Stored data
::::::::::
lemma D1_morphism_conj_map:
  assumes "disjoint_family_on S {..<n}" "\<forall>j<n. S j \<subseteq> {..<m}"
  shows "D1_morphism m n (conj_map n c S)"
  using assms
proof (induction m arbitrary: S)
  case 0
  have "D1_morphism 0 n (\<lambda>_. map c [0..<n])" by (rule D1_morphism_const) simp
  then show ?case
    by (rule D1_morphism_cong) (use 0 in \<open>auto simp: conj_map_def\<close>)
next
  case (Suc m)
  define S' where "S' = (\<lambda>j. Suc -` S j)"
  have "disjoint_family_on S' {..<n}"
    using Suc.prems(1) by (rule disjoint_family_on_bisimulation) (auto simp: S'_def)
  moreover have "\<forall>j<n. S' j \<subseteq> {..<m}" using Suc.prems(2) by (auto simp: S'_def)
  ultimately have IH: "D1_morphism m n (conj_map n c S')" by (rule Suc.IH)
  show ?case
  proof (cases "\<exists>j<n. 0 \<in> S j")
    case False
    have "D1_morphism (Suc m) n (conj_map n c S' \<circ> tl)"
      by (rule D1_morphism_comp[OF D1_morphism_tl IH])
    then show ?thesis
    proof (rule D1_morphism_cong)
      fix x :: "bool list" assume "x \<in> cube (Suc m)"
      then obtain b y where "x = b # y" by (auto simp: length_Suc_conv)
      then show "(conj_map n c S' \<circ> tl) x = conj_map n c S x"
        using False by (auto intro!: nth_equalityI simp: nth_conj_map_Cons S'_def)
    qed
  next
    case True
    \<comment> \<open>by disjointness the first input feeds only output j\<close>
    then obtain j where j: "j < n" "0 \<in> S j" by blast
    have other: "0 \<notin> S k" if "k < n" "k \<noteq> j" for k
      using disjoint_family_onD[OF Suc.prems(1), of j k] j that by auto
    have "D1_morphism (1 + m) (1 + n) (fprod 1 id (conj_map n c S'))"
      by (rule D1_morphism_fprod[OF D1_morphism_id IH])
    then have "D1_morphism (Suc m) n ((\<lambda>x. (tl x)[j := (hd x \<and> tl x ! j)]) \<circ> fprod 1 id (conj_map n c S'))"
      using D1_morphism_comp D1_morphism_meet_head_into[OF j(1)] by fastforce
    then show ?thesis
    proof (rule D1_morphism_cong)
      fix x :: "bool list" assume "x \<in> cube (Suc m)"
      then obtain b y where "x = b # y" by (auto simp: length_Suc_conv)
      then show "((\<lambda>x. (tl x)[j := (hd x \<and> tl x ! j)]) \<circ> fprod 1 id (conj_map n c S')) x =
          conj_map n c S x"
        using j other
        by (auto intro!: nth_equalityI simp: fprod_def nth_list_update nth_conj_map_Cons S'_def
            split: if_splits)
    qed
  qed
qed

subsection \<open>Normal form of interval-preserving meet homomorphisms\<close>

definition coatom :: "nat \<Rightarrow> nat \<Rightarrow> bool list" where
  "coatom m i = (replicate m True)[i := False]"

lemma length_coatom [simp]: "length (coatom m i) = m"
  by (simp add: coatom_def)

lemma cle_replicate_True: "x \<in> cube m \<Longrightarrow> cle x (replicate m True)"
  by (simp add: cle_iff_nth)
::::::::::
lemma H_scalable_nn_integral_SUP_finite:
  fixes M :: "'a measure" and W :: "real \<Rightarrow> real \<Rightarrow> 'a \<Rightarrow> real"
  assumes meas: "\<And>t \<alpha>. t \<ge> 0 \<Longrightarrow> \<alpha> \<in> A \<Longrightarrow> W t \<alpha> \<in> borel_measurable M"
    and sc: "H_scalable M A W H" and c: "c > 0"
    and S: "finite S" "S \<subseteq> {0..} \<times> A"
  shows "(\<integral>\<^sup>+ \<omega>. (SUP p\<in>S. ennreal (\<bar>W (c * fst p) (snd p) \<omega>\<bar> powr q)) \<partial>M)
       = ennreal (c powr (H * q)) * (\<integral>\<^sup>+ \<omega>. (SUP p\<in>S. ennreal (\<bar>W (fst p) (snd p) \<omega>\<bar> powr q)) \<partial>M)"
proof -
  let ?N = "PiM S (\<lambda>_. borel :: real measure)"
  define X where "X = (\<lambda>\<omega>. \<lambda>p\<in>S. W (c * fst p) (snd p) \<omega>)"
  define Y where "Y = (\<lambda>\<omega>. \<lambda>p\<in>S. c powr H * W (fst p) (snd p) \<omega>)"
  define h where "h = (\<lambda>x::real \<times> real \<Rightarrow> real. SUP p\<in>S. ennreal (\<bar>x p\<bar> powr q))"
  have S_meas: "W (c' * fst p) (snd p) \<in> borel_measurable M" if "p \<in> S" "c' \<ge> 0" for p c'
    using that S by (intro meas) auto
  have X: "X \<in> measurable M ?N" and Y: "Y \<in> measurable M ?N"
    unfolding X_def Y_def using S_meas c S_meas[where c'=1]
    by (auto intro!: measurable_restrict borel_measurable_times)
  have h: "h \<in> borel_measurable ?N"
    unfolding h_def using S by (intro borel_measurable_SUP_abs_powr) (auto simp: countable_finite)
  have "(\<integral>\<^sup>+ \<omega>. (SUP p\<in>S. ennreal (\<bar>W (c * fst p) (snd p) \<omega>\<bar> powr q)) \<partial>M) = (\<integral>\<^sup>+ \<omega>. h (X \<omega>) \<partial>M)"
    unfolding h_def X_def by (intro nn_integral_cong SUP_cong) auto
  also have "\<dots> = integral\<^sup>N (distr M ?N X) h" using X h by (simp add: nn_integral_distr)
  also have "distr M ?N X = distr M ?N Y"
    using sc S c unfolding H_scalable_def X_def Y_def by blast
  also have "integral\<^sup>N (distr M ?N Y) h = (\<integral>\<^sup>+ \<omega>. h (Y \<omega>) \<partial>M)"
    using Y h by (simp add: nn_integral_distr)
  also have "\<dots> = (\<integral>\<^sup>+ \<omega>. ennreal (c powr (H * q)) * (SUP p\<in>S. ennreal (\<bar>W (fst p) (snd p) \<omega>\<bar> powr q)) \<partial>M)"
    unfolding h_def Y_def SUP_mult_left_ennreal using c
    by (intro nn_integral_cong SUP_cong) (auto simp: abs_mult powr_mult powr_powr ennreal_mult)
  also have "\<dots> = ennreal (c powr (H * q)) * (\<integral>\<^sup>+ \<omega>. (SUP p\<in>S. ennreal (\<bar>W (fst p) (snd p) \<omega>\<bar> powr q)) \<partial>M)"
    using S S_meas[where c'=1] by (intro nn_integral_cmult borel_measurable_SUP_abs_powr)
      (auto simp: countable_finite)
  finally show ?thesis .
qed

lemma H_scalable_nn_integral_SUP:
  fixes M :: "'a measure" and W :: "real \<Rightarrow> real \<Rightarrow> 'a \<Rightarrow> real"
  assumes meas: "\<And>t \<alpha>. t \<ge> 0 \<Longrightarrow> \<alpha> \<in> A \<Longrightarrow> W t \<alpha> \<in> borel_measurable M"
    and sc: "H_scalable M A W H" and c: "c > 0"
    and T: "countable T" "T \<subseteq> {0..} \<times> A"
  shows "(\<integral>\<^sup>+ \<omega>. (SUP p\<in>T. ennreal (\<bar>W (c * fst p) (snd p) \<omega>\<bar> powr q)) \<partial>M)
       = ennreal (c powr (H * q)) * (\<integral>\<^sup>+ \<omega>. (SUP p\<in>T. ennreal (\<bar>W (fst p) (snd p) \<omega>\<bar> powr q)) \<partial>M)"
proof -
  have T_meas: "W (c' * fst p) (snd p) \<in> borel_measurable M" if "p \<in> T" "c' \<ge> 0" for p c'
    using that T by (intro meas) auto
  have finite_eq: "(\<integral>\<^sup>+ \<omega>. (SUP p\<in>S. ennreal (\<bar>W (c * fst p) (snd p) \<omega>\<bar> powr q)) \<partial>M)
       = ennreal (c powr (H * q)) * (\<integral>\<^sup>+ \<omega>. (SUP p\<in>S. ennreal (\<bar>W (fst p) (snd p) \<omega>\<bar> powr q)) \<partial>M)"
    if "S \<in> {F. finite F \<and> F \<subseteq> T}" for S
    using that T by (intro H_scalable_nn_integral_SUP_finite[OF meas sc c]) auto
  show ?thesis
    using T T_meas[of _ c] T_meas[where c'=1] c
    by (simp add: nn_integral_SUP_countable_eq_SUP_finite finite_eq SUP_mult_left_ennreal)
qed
::::::::::
What you will do: Going through the entries above, count each line that has the word "circ" and report only the count.

Answer box: 4